Dieser Höhenflug war keineswegs vorgezeichnet, vielmehr sollte der am 7. Juli 1962 geborene Aschbacher als ältester Sohn von sechs Kindern den elterlichen Hof übernehmen. Doch der Bub war wissbegierig und tägliche Visiten in der Pfarrbibliothek angesagt, um wieder ein neues Buch auszuborgen. Stipendium und Nebenjobs ermöglichten den Besuch des Gymnasiums und das Studium. Seine durch die Mondlandung geweckte Faszination ließ ihn Meteorologie und Geophysik an der Universität Innsbruck studieren, etwas "womit man mit dem Weltraum arbeiten kann", erinnerte er sich.
Doch nicht Österreichs erster Astronaut
Der Weltraum sollte sein ganzes berufliches Leben prägen, auch wenn ihm der große Traum verwehrt blieb, selbst dorthin zu kommen: Noch als Student wollte er Österreichs erster Astronaut werden und bewarb er sich für die Mission "Austromir" - erfolglos: 1991 flog Franz Viehböck als erster Astronaut zur damaligen russischen Raumstation "Mir".

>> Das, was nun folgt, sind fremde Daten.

(* Exponent vectors a : nat => int, with variables indexed by {1..n}; a j = 0 outside {1..n}.
   x^a is a monomial of S_f (f = prod_{j in A} x_j) iff a_j >= 0 for j notin A. *)
definition Sf_monomial :: "nat \<Rightarrow> nat set \<Rightarrow> (nat \<Rightarrow> int) \<Rightarrow> bool" where
  "Sf_monomial n A a \<longleftrightarrow> (\<forall>j. j \<notin> {1..n} \<longrightarrow> a j = 0) \<and> (\<forall>j\<in>{1..n}. j \<notin> A \<longrightarrow> a j \<ge> 0)"

(* Variables of S_f: (j, True) stands for x_j (1 <= j <= n), (j, False) for x_j^{-1} (j in A). *)
definition Sf_vars :: "nat \<Rightarrow> nat set \<Rightarrow> (nat \<times> bool) set" where
  "Sf_vars n A = {(j, True) | j. j \<in> {1..n}} \<union> {(j, False) | j. j \<in> A}"

definition var_exp :: "nat \<times> bool \<Rightarrow> nat \<Rightarrow> int" where
  "var_exp z i = (if i = fst z then (if snd z then 1 else -1) else 0)"

definition stanley_exp :: "(nat \<Rightarrow> int) \<Rightarrow> (nat \<times> bool) set \<Rightarrow> (nat \<times> bool \<Rightarrow> nat) \<Rightarrow> nat \<Rightarrow> int" where
  "stanley_exp u Z c = (\<lambda>i. u i + (\<Sum>z\<in>Z. int (c z) * var_exp z i))"

definition Z_monomials :: "(nat \<times> bool) set \<Rightarrow> (nat \<times> bool \<Rightarrow> nat) set" where
  "Z_monomials Z = {c. \<forall>z. z \<notin> Z \<longrightarrow> c z = 0}"

(* the K-basis of uK[Z]: exponents of the monomials u w *)
definition stanley_monomials :: "(nat \<Rightarrow> int) \<Rightarrow> (nat \<times> bool) set \<Rightarrow> (nat \<Rightarrow> int) set" where
  "stanley_monomials u Z = stanley_exp u Z ` Z_monomials Z"

(* uK[Z] is a Stanley space of S_f; freeness as K[Z]-module = the monomials u w are pairwise distinct *)
definition is_stanley_space :: "nat \<Rightarrow> nat set \<Rightarrow> (nat \<Rightarrow> int) \<Rightarrow> (nat \<times> bool) set \<Rightarrow> bool" where
  "is_stanley_space n A u Z \<longleftrightarrow>
     A \<subseteq> {1..n} \<and> Sf_monomial n A u \<and> Z \<subseteq> Sf_vars n A \<and>
     (\<forall>j\<in>A. \<not> ((j, True) \<in> Z \<and> (j, False) \<in> Z)) \<and>
     inj_on (stanley_exp u Z) (Z_monomials Z)"

definition abs_deg :: "nat \<Rightarrow> (nat \<Rightarrow> int) \<Rightarrow> nat" where
  "abs_deg n a = nat (\<Sum>i\<in>{1..n}. \<bar>a i\<bar>)"

(* H(uK[Z], d) = dim_K of the degree-d part = number of basis monomials with |a| = d *)
definition stanley_hilbert_fun :: "nat \<Rightarrow> (nat \<Rightarrow> int) \<Rightarrow> (nat \<times> bool) set \<Rightarrow> nat \<Rightarrow> nat" where
  "stanley_hilbert_fun n u Z d = card {a \<in> stanley_monomials u Z. abs_deg n a = d}"

definition stanley_hilbert_series :: "nat \<Rightarrow> (nat \<Rightarrow> int) \<Rightarrow> (nat \<times> bool) set \<Rightarrow> int fps" where
  "stanley_hilbert_series n u Z = Abs_fps (\<lambda>d. int (stanley_hilbert_fun n u Z d))"

end

theory Submission
  imports Defs
begin

text \<open>Since no variable of \<open>Z\<close> is repeated (up to inversion), distinct elements of \<open>Z\<close> act on
distinct coordinates. Hence \<open>|a|\<close> for \<open>a = u w\<close> is a constant (from the coordinates untouched
by \<open>Z\<close>) plus a sum of independent contributions \<open>|u\<^sub>j \<plusminus> k|\<close>, one per element of \<open>Z\<close>. So the
Hilbert series is \<open>t\<^sup>C\<close> times a product of \<open>|Z|\<close> one-variable series
\<open>\<Sum>\<^sub>d #{k. |v + k| = d} t\<^sup>d\<close>, each of which is \<open>t\<^sup>v/(1-t)\<close> for \<open>v \<ge> 0\<close> and
\<open>(1 + t - t\<^sup>N\<^sup>+\<^sup>1)/(1-t)\<close> for \<open>v = -N < 0\<close>; both numerators take the value 1 at \<open>t = 1\<close>.\<close>

definition supp_funs_of_weight :: "'a set \<Rightarrow> ('a \<Rightarrow> nat \<Rightarrow> nat) \<Rightarrow> nat \<Rightarrow> ('a \<Rightarrow> nat) set" where
  "supp_funs_of_weight Z \<phi> d = {c. (\<forall>z. z \<notin> Z \<longrightarrow> c z = 0) \<and> (\<Sum>z\<in>Z. \<phi> z (c z)) = d}"

lemma supp_funs_of_weight_empty:
  "supp_funs_of_weight {} \<phi> d = (if d = 0 then {\<lambda>_. 0} else {})"
  unfolding supp_funs_of_weight_def by auto

lemma supp_funs_of_weight_insert:
  assumes "finite Z" "j \<notin> Z"
  shows "supp_funs_of_weight (insert j Z) \<phi> d =
    (\<lambda>(k, c). c(j := k)) ` (\<Union>e\<in>{0..d}. {k. \<phi> j k = e} \<times> supp_funs_of_weight Z \<phi> (d - e))"
    (is "?L = ?upd ` ?R")
proof (intro set_eqI iffI)
  fix c assume c: "c \<in> ?L"
  have "(\<Sum>z\<in>Z. \<phi> z ((c(j := 0)) z)) = (\<Sum>z\<in>Z. \<phi> z (c z))"
    using assms by (intro sum.cong) auto
  moreover have "\<phi> j (c j) + (\<Sum>z\<in>Z. \<phi> z (c z)) = d"
    using c assms unfolding supp_funs_of_weight_def by auto
  ultimately have "(c j, c(j := 0)) \<in> ?R"
    using c unfolding supp_funs_of_weight_def by auto
  then show "c \<in> ?upd ` ?R" by (intro image_eqI[of _ _ "(c j, c(j := 0))"]) auto
next
  fix c assume "c \<in> ?upd ` ?R"
  then obtain k c' where k: "\<phi> j k \<le> d" and c': "c' \<in> supp_funs_of_weight Z \<phi> (d - \<phi> j k)"
    and c: "c = c'(j := k)"
    by auto
  have "(\<Sum>z\<in>Z. \<phi> z (c z)) = (\<Sum>z\<in>Z. \<phi> z (c' z))"
    using assms c by (intro sum.cong) auto
  then show "c \<in> ?L"
    using assms k c' c unfolding supp_funs_of_weight_def by auto
qed
(* Assume the two standing hypotheses below hold, and let $\alpha\in\mathfrak A$. Let $(u_n,\,n\ge0)$ be a sequence of nonnegative real numbers such that $\sum_{n\ge0}\frac{u_n}{n!}|x|^n<+\infty$ for every $x\in\mathbb R$. Then for every compact $\Lambda\subset E$, $$\mathbb E_{\mu_{\alpha,K_\Lambda,\lambda}}\Big[\frac{u_{|\xi|}}{\det_\alpha J_{\Lambda,\alpha}(\xi)}\Big]<+\infty .$$ As a consequence, $\det_\alpha J_{\Lambda,\alpha}(\xi)$ is $\mu_{\alpha,K_\Lambda,\lambda}$-almost surely positive.
   Context: $E$ is a domain of $\mathbb R^d$ with a Radon measure $\lambda$. Hypothesis 1: $K$ is a bounded, symmetric, Hilbert–Schmidt integral operator on $L^2(E,\lambda)$ with kernel $K(x,y)$, spectrum in $[0,1)$, and $K_\Lambda=P_\Lambda KP_\Lambda$ trace class for every compact $\Lambda$ ($P_\Lambda f=f\mathbf 1_\Lambda$). Hypothesis 2: $\lambda=\rho\,m$ with $m$ the Lebesgue measure, $\rho$ weakly differentiable, and for every compact $\Lambda$, $\int_\Lambda(\|\nabla\rho(x)\|/\rho(x))^2K(x,x)\,\mathrm d\lambda(x)<\infty$. $\mathfrak A=\{2/m':m'\in\mathbb N\}\cup\{-1/m':m'\in\mathbb N\}$. $J_{\Lambda,\alpha}=(I+\alpha K_\Lambda)^{-1}K_\Lambda$ with kernel $J_{\Lambda,\alpha}(x,y)$. For an $n\times n$ matrix $A$, $\det_\alpha A=\sum_{\sigma\in\Sigma_n}\alpha^{n-\nu(\sigma)}\prod_i a_{i\sigma(i)}$, $\nu(\sigma)$ the number of cycles of $\sigma$. For a finite configuration $\xi=\{x_1,\dots,x_n\}$, $\det_\alpha J_{\Lambda,\alpha}(\xi)=\det_\alpha(J_{\Lambda,\alpha}(x_i,x_j))_{1\le i,j\le n}$ and $|\xi|=n$. $\mu_{\alpha,K_\Lambda,\lambda}$ is the $\alpha$-determinantal point process on $\Lambda$: the point process whose Janossy densities are $j^n(x_1,\dots,x_n)=\operatorname{Det}(I+\alpha K_\Lambda)^{-1/\alpha}\det_\alpha(J_{\Lambda,\alpha}(x_i,x_j))$, i.e. $\int F\,\mathrm d\mu_{\alpha,K_\Lambda,\lambda}=\sum_{n\ge0}\frac1{n!}\int_{\Lambda^n}F(\{x_1,\dots,x_n\})j^n(x_1,\dots,x_n)\,\mathrm d\lambda(x_1)\cdots\mathrm d\lambda(x_n)$ ($\operatorname{Det}$ the Fredholm determinant); equivalently its Laplace functional is $\operatorname{Det}(I+\alpha K_\Lambda[1-e^{-f}])^{-1/\alpha}$. *)

theory Defs
  imports "HOL-Analysis.Analysis" "HOL-Combinatorics.Permutations"
begin
(* Let $n\geq 3$ and let $A_n$ be the graph with vertices $\{1,\dots,n\}$ and edges $\{i,i+1\}$ for $1\leq i\leq n-1$. Then $$\#\mathcal{P}_d(\mathcal{E}_{A_n})=\begin{cases}2n-2d & \text{if } 3\leq d\leq n-1,\\ 0 & \text{if } d\geq n,\end{cases}$$ and $\mathcal{P}_2(\mathcal{E}_{A_n})$ is a union of $2n-6$ copies of $\mathbb{P}^1$ if $n>3$, and consists of two points if $n=3$.
   Context: Work over an algebraically closed field $k$. The Fomin–Kirillov algebra $\mathcal{E}_n$ is the graded $k$-algebra generated by degree-$1$ elements $x_{ij}$, $1\leq i<j\leq n$, subject to: $x_{ij}^2=0$; $x_{ij}x_{kl}=x_{kl}x_{ij}$ whenever $\{i,j\}\cap\{k,l\}=\emptyset$; $x_{ij}x_{jk}-x_{jk}x_{ik}-x_{ik}x_{ij}=0$ and $x_{jk}x_{ij}-x_{ik}x_{jk}-x_{ij}x_{ik}=0$ for $i<j<k$. For a graph $G$ on $\{1,\dots,n\}$, $\mathcal{E}_G$ is the subalgebra of $\mathcal{E}_n$ generated by the $x_{ij}$ with $\{i,j\}$ an edge of $G$. For a connected graded algebra $A=k\langle x_1,\dots,x_r\rangle/I$ generated in degree $1$, a degree-$d$ truncated point module is a graded cyclic module $M=ke_0\oplus\cdots\oplus ke_d$ generated by $e_0$; writing $x_i e_j=\lambda_i^j e_{j+1}$, such modules correspond bijectively to points $([\lambda_1^0:\cdots:\lambda_r^0],\dots,[\lambda_1^{d-1}:\cdots:\lambda_r^{d-1}])\in(\mathbb{P}^{r-1})^{\times d}$ satisfying the multilinearized relations (each homogeneous relation $\sum_I c_I x_{i_1}\cdots x_{i_t}$ yields $\sum_I c_I\lambda_{i_1}^{s+t-1}\cdots\lambda_{i_t}^{s}=0$ for $0\leq s\leq d-t$). $\mathcal{P}_d(A)$ denotes this subset of $(\mathbb{P}^{r-1})^{\times d}$; here $A=\mathcal{E}_{A_n}$ with generators $x_{i,i+1}$, $1\leq i\leq n-1$. *)

theory Defs
  imports "HOL-Computational_Algebra.Polynomial"
begin
(* Let $W^{(1)}$ be a pro-$p$ Coxeter group and $\mathcal H^{(1)}=\mathcal H^{(1)}_R(a,b)$ a generic pro-$p$ Hecke algebra over a commutative ring $R$ (notation as in the context), and assume that all $a_s$ ($s\in S$) are units of $R$ (so that every $T_w$ is invertible in $\mathcal H^{(1)}$). Let $\mathfrak A(W^{(1)})$ be the group with generators $\{T_w\}_{w\in W^{(1)}}$ and relations $T_{ww'}=T_wT_{w'}$ whenever $\ell(ww')=\ell(w)+\ell(w')$, and let $\mathfrak a$ be the two-sided ideal of the group algebra $R[\mathfrak A(W^{(1)})]$ generated by $T_{n_s}^2-a_sT_{n_s^2}-T_{n_s}b_s$, $s\in S$ (with $b_s=\sum_tc_tt$ read as $\sum_tc_tT_t$). Then the homomorphism \[ \varphi:R[\mathfrak A(W^{(1)})]/\mathfrak a\longrightarrow\mathcal H^{(1)} \] induced by $T_w\mapsto T_w$ is well defined and is an isomorphism of $R$-algebras.
   Context: Coxeter group $(W_{\mathrm{aff}},S)$ with length $\ell$, $m(s,t)$ the order of $st$. Extended Coxeter group: $W=W_{\mathrm{aff}}\rtimes\Omega$, $(W_{\mathrm{aff}},S)$ Coxeter, $\Omega$ preserving $S$ under conjugation; $\ell(wu)=\ell(w)$ for $w\in W_{\mathrm{aff}},u\in\Omega$. Pro-$p$ Coxeter group: extension $1\to T\to W^{(1)}\xrightarrow{\pi}W\to1$ with $T$ abelian, $T\subseteq W^{(1)}$, lifts $n_s\in\pi^{-1}(s)$ satisfying braid relations ($m(s,t)$ alternating factors) when $m(s,t)<\infty$; length on $W^{(1)}$ is $\ell\circ\pi$; $W^{(1)}$ acts on $T$ and $R[T]$ by conjugation. Generic pro-$p$ Hecke algebra: given $a_s\in R$, $b_s\in R[T]$ such that $a_s=a_t$ and $(n_swn_t^{-1}w^{-1})w(b_t)=b_s$ whenever $s,t\in S$, $w\in W^{(1)}$, $s\pi(w)=\pi(w)t$, $\mathcal H^{(1)}_R(a,b)$ is the unique $R$-algebra free as $R$-module on $\{T_w\}_{w\in W^{(1)}}$ with $T_{ww'}=T_wT_{w'}$ when $\ell(ww')=\ell(w)+\ell(w')$ and $T_{n_s}^2=a_sT_{n_s^2}+T_{n_s}b_s$, $R[T]$ embedded via $t\mapsto T_t$. *)

theory Defs
  imports "HOL-Algebra.Algebra"
begin
(* Let $n\ge 2$ and let $f:\mathbb{R}^n\to\mathbb{R}$, $f(x)=\sum_{r,q=1}^n a_{rq}x_rx_q^2$ with $a_{rq}=1$ if $r\ge q$ and $a_{rq}=0$ if $r<q$. Let $M=\mathrm{graph}(f)\subset\mathbb{R}^{n+1}$ with induced metric $g$, $p$ the origin, and let $g(t)$, $t\in[0,T)$, be a smooth solution of the Ricci flow $\partial_t g=-2\,\mathrm{Ric}(g)$ on a neighborhood of $p$ in $M$ with $g(0)=g$. Then at $(t,x)=(0,p)$: $g_{ij}=\delta_{ij}$, $Rm=0$, $\partial_t R_{ijkl}=0$ whenever $\{i,j\}\ne\{k,l\}$, and for $1\le i<j\le n$, $$\partial_t R_{ijij}(0,p)=-8\,(n-j+2)<0 .$$ In particular $\partial_t Rm(0,p)\neq 0$.
   Context: $M$ is identified with $\mathbb{R}^n$ via $x\mapsto (x,f(x))$, giving global coordinates $x_1,\dots,x_n$ on $M$; components of tensors are taken with respect to the coordinate fields $\partial_i$. The curvature tensor convention is the one for which the Gauss equation of the graph reads $R_{ijkl}=h_{il}h_{jk}-h_{ik}h_{jl}$, where $h_{ij}=\partial_i\partial_j f/\sqrt{1+|\nabla f|^2}$ is the second fundamental form; equivalently, for $g$-orthonormal $e_i,e_j$ the sectional curvature of their span is $R_{ijji}$. *)

theory Defs
  imports "HOL-Analysis.Analysis"
begin

text \<open>Coordinates of R^n are indexed by a finite linearly ordered type 'n;
  the coordinate index i has numerical label pos i in {1..n}.\<close>

definition pos :: "'n::{finite,linorder} \<Rightarrow> nat" where
  "pos i = card {k. k \<le> i}"

definition fgraph :: "real^'n::{finite,linorder} \<Rightarrow> real" where
  "fgraph x = (\<Sum>r\<in>UNIV. \<Sum>q\<in>UNIV.
      (if pos r \<ge> pos q then 1 else 0) * x$r * (x$q)^2)"

definition pd :: "'n::finite \<Rightarrow> (real^'n \<Rightarrow> 'b::real_normed_vector) \<Rightarrow> real^'n \<Rightarrow> 'b" where
  "pd k F x = vector_derivative (\<lambda>s. F (x + s *\<^sub>R axis k 1)) (at 0)"

definition graph_emb :: "(real^'n::finite \<Rightarrow> real) \<Rightarrow> real^'n \<Rightarrow> (real^'n) \<times> real" where
  "graph_emb f x = (x, f x)"

definition induced_metric :: "(real^'n::finite \<Rightarrow> real) \<Rightarrow> real^'n \<Rightarrow> real^'n^'n" where
  "induced_metric f x = (\<chi> i j. inner (pd i (graph_emb f) x) (pd j (graph_emb f) x))"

Gleich nach seiner Dissertation im Jahr 1989 heuerte Aschbacher bei der ESA an. Seine erste Station war das European Space Research Institute (ESRIN) in Frascati bei Rom. Nach Aufenthalten in Asien, wo er am Asian Institute of Technology in Bangkok (Thailand) Erdbeobachtungsmethoden mit Radar-Technologien und Bildverarbeitung lehrte und die Interessen der ESA in Südostasien vertrat, kehrte er 1994 nach Europa zurück. In seinen sieben Jahren am EU-Joint Research Centre in Ispra (Italien) entwickelte Aschbacher das nunmehr unter dem Namen "Copernicus" bekannte EU-Erdbeobachtungsprogramm mit. Ab 2001 folgte eine siebenjährige Tätigkeit am ESA-Hauptquartier in Paris.
Danach ging der Vater dreier Kinder erneut an das ESRIN nach Italien, wo er für die Programmplanung und Koordination zuständig war. 2016 wurde er Direktor für Erdbeobachtung bei der ESA - der erste Österreicher, der einen Direktorenposten im zehn Mitglieder umfassenden ESA-Direktorium bekleidet. Mit dem Bereich Erdbeobachtung verwaltet er das höchste Teilbudget der Raumfahrtagentur und ist für alle ESA-Erdbeobachtungsmissionen sowie damit in Verbindung stehenden Anwendungen zuständig.
Erdbeobachtung mit Herzblut
Der Autor von mehr als 100 wissenschaftlichen Publikationen ist dabei nicht nur Weltraum-Bürokrat, sondern betreibt die Erdbeobachtung mit Herzblut. Wenn er etwa auf Satellitenbildern die Zerstörung des Amazonas sieht, sagt er laut Wochenzeitschrift "Zeit": "Das ist die Lunge der Erde, und wir holzen das ab? Da verliert man doch den Glauben an die Vernunft. Es ist verbrecherisch, wie wir mit diesem Planeten umgehen."
Dass mit Aschbacher ein Österreicher Mitte kommenden Jahres den amtierenden Generaldirektor Jan Wörner an der Spitze der ESA ablöst, gilt als kleine Sensation. Den ESA-Generaldirektor stellten bisher vor allem die großen Mitgliedsstaaten wie Deutschland, Frankreich, Italien und Großbritannien, Österreich trägt dagegen rund ein Prozent zum ESA-Budget (6,7 Milliarden Euro im Jahr 2020) bei.